After reading in the data appropriately, we randomly split the data set into two pieces, train on one piece, and test on the other. The following function does this,  returning the success rate of the classification algorithm on the testing piece.

import knn
import random

def column(A, j):
return [row[j] for row in A]

def test(data, k):
random.shuffle(data)
pts, labels = column(data, 0), column(data, 1)

trainingData = pts[:800]
trainingLabels = labels[:800]
testData = pts[800:]
testLabels = labels[800:]

f = knn.makeKNNClassifier(trainingData, trainingLabels,
k, knn.euclideanDistance)
correct = 0
total = len(testLabels)

for (point, label) in zip(testData, testLabels):
if f(point) == label:
correct += 1

return float(correct) / total


A run with $k=1$ gives a surprisingly good 89% success rate. Varying $k$, we see this is about as good as it gets without any modifications to the algorithm or the metric. Indeed, the graph below shows that the handwritten digits data set agrees with the axiom of neighborliness to a fair approximation.

A graph of classification accuracy against k for values of k between 1 and 50. The graph clearly shows a downward trend as k increases, but all values k < 10 are comparably good.

Of course, there are many improvements we could make to this naive algorithm. But considering that it utilizes no domain knowledge and doesn’t manipulate the input data in any way, it’s not too shabby.

As a side note, it would be fun to get some tablet software and have it use this method to recognize numbers as one writes it. Alas, we have little time for these sorts of applications.

One reason k-nearest-neighbors is such a common and widely-known algorithm is its ease of implementation. Indeed, we implemented the core algorithm in a mere three lines of Python. On top of that, k-nearest-neighbors is pleasingly parallel, and inherently flexible. Unlike the Perceptron algorithm, which relies on linear separability, k-nearest-neighbors and the axiom of neighborliness allow for datasets with many different geometric structures. These lecture notes give a good example, as shown below, and the reader can surely conjure many more.

k-nearest-neighbors applied to a data set organized in concentric circles.

And of course, the flexibility is even greater by virtue of being able to use any metric for distance computations.

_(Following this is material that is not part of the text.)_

(* Consider the contextual bandit problem with finite policy class $\Theta$ and $K$ actions. For any sequence $(x_1,\boldsymbol{c}_1),\ldots,(x_T,\boldsymbol{c}_T)$, EXP4 with its learning rate $\eta'$ tuned appropriately as a function of $T,K,|\Theta|$ and the given range bound $\rho_T$ is $\big(\tfrac12,\mathcal{O}(\sqrt{KT\ln|\Theta|})\big)$-weakly-stable.
   Context: Contextual bandits: on each round $t=1,\ldots,T$ a context $x_t$ is revealed, the learner picks a policy $\theta_t\in\Theta$, each policy being a map $\theta:\mathcal{X}\to[K]$, and the loss is $f_t(\theta,x)=c_{t,\theta(x)}$ for $\boldsymbol{c}_t\in[0,1]^K$; the learner observes only $f_t(\theta_t,x_t)$. Regret w.r.t. $\Theta$: $\sup_{\theta\in\Theta}\mathbb{E}[\sum_t f_t(\theta_t,x_t)-f_t(\theta,x_t)]$. Induced environment: given the environment $\mathcal{E}$ producing the fixed sequence, an environment $\mathcal{E}'$ induced by importance weighting acts on each round $t$: picks an arbitrary $p_t\in[0,1]$ (possibly history dependent), reveals $x_t$, the learner picks $\theta_t$, and with probability $p_t$ the loss function becomes $f'_t=f_t/p_t$, otherwise $f'_t\equiv0$; the learner observes $f'_t(\theta_t,x_t)$. Weak stability: for $\alpha\in(0,1]$ and non-decreasing $\mathcal{R}$, an algorithm that receives a number $\rho_T$ ahead of time is $(\alpha,\mathcal{R})$-weakly-stable with respect to $\mathcal{E}$ if its regret under $\mathcal{E}$ is $\mathcal{R}(T)$ and under every induced $\mathcal{E}'$ with $\rho_T\ge\max_t1/p_t$, $\sup_{\theta\in\Theta}\mathbb{E}[\sum_t f'_t(\theta_t,x_t)-f'_t(\theta,x_t)]\le\rho_T^\alpha\mathcal{R}(T)$. EXP4 with learning rate $\eta'>0$: weights $w_1$ uniform on $\Theta$; on round $t$ sample $\theta_t\sim w_t$, let $q_t(a)=\sum_{\theta:\theta(x_t)=a}w_t(\theta)$, observe loss $\ell_t$, set $\hat c_t(a)=\ell_t\mathbf{1}\{\theta_t(x_t)=a\}/q_t(a)$ for $a\in[K]$, and update $w_{t+1}(\theta)\propto w_t(\theta)\exp(-\eta'\hat c_t(\theta(x_t)))$. *)

theory Defs
  imports "HOL-Probability.Probability"
begin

One may, for instance, use the Manhattan metric if the points in question are locations in a city. Or if the data is sequential, one could use the dynamic time warping distance (which isn’t truly a metric, but is still useful). The possibilities are only limited by the discovery of new and useful metrics.

With such popularity, k-nearest-neighbors often comes with a number of modifications and enhancements. One enhancement is to heuristically remove certain points close to the decision boundary. This technique is called edited k-nearest-neighbors. Another is to weight certain features heavier in the distance computations, which requires one to programmatically determine which features help less with classification. This is getting close to the realm of a decision tree, and so we’ll leave this as an exercise to the reader.

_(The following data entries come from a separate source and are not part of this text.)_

(* Let $p$ be an odd prime with $p\equiv 5\pmod 8$. Then there exists a perfect $B[-1,3](p)$ set if and only if $6$ is a quartic residue modulo $p$, i.e. there is an integer $x$ with $x^4\equiv 6\pmod p$.
   Context: A set $B\subseteq\mathbb{Z}_p$ is a perfect $B[-1,3](p)$ set if every nonzero element of $\mathbb{Z}_p$ has a unique representation $ab \bmod p$ with $a\in\{-1,1,2,3\}$ and $b\in B$ (and $0$ has no such representation); equivalently $B\subseteq\mathbb{Z}_p^\ast$, $|B|=(p-1)/4$, and the sets $\{-b,b,2b,3b\}$, $b\in B$, partition $\mathbb{Z}_p^\ast=\mathbb{Z}_p\setminus\{0\}$. *)

theory Defs
  imports "HOL-Number_Theory.Number_Theory"
begin

text \<open>Elements of Z_p are represented by their canonical representatives in {0..<p}.\<close>

definition perfect_B_m13 :: "int \<Rightarrow> int set \<Rightarrow> bool" where
  "perfect_B_m13 p B \<longleftrightarrow>
     B \<subseteq> {0..<p} \<and>
     (\<forall>y \<in> {1..<p}. \<exists>!(a, b). a \<in> {-1, 1, 2, 3} \<and> b \<in> B \<and> (a * b) mod p = y) \<and>
     (\<forall>a \<in> {-1, 1, 2, 3}. \<forall>b \<in> B. (a * b) mod p \<noteq> 0)"

end

theory Submission
  imports Defs
begin

text \<open>Fix a primitive root modulo \<open>p = 4m + 1\<close>, \<open>m\<close> odd, and write \<open>ind\<close> for the
  discrete logarithm, so that \<open>ind(-1) = 2m\<close> and \<open>ind 2\<close> is odd (2 is a non-residue).
  A perfect set \<open>B\<close> is closed under multiplication by \<open>-2/3\<close>, while \<open>b\<close> and \<open>-b\<close>
  never both lie in \<open>B\<close>; hence \<open>-1\<close> is not a power of \<open>-2/3\<close>, which for odd \<open>m\<close> means
  \<open>ind(-2) \<equiv> ind 3 (mod 4)\<close>. Conversely, under this congruence \<open>ind(-1), ind 1, ind 2,
  ind 3\<close> are pairwise distinct modulo 4, and the nonzero fourth powers form a perfect set.
  Finally, \<open>6\<close> is a fourth power iff \<open>ind 2 + ind 3 \<equiv> 0 (mod 4)\<close>, which is the same
  condition since \<open>ind 2\<close> is odd.\<close>

section \<open>Perfect \<open>B[-1,3](p)\<close> sets\<close>

lemma mod_mem_nonzero_residues:
  fixes p y :: int
  assumes "p > 0" and "\<not> p dvd y"
  shows "y mod p \<in> {1..<p}"
proof -
  have "y mod p \<noteq> 0" using assms(2) by (simp add: dvd_eq_mod_eq_0)
  with pos_mod_sign[OF assms(1), of y] pos_mod_bound[OF assms(1), of y] show ?thesis by auto
qed

lemma perfect_B_m13_not_dvd:
  assumes "perfect_B_m13 p B" and "a \<in> {-1, 1, 2, 3}" and "b \<in> B"
  shows "\<not> p dvd a * b"
proof -
  have "(a * b) mod p \<noteq> 0" using assms unfolding perfect_B_m13_def by (meson conjunct2)
  then show ?thesis by (simp add: dvd_eq_mod_eq_0)
qed

lemma perfect_B_m13_subset:
  assumes "perfect_B_m13 p B"
  shows "B \<subseteq> {0..<p}"
  using assms unfolding perfect_B_m13_def by (rule conjunct1)

lemma perfect_B_m13_ex1_rep:
  assumes "perfect_B_m13 p B" and "y \<in> {1..<p}"
  shows "\<exists>!(a, b). a \<in> {-1, 1, 2, 3} \<and> b \<in> B \<and> (a * b) mod p = y"
proof -
  have "\<forall>y\<in>{1..<p}. \<exists>!(a, b). a \<in> {-1, 1, 2, 3} \<and> b \<in> B \<and> (a * b) mod p = y"
    using assms(1) unfolding perfect_B_m13_def by (rule conjunct1[OF conjunct2])
  then show ?thesis using assms(2) by (rule bspec)
qed

lemma perfect_B_m13_rep_exists:
  assumes "perfect_B_m13 p B" and "p > 0" and "\<not> p dvd y"
  obtains a b where "a \<in> {-1, 1, 2, 3}" and "b \<in> B" and "[a * b = y] (mod p)"
proof -
  obtain a b where "a \<in> {-1, 1, 2, 3}" "b \<in> B" "(a * b) mod p = y mod p"
    using ex1_implies_ex[OF perfect_B_m13_ex1_rep[OF assms(1) mod_mem_nonzero_residues[OF assms(2,3)]]]
    by auto
  then show thesis using that by (simp add: cong_def)
qed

The next improvement has to do with runtime. Given $n$ training points and $d$ features (d for dimension), one point requires $O(nd)$ to classify. This is particularly expensive, because most of the distance computations performed are between points that are far away, and as $k$ is usually small, they won’t influence in the classification.

One way to alleviate this is to store the data points in a data structure called a k-d tree. The k-d tree originated in computational geometry in the problem of point location. It partitions space into pieces based on the number of points in each resulting piece, and organizes the partitions into a tree. In other words, it will partition tightly where the points are dense, and loosely where the points are sparse. At each step of traversing the tree, one can check to see which sub-partition the unclassified point lies in, and descend appropriately. With certain guarantees, this reduces the computation to $O(\log(n)d)$. Unfortunately, there are issues with large-dimensional spaces that are beyond the scope of this post. We plan to investigate k-d trees further in a future series on computational geometry.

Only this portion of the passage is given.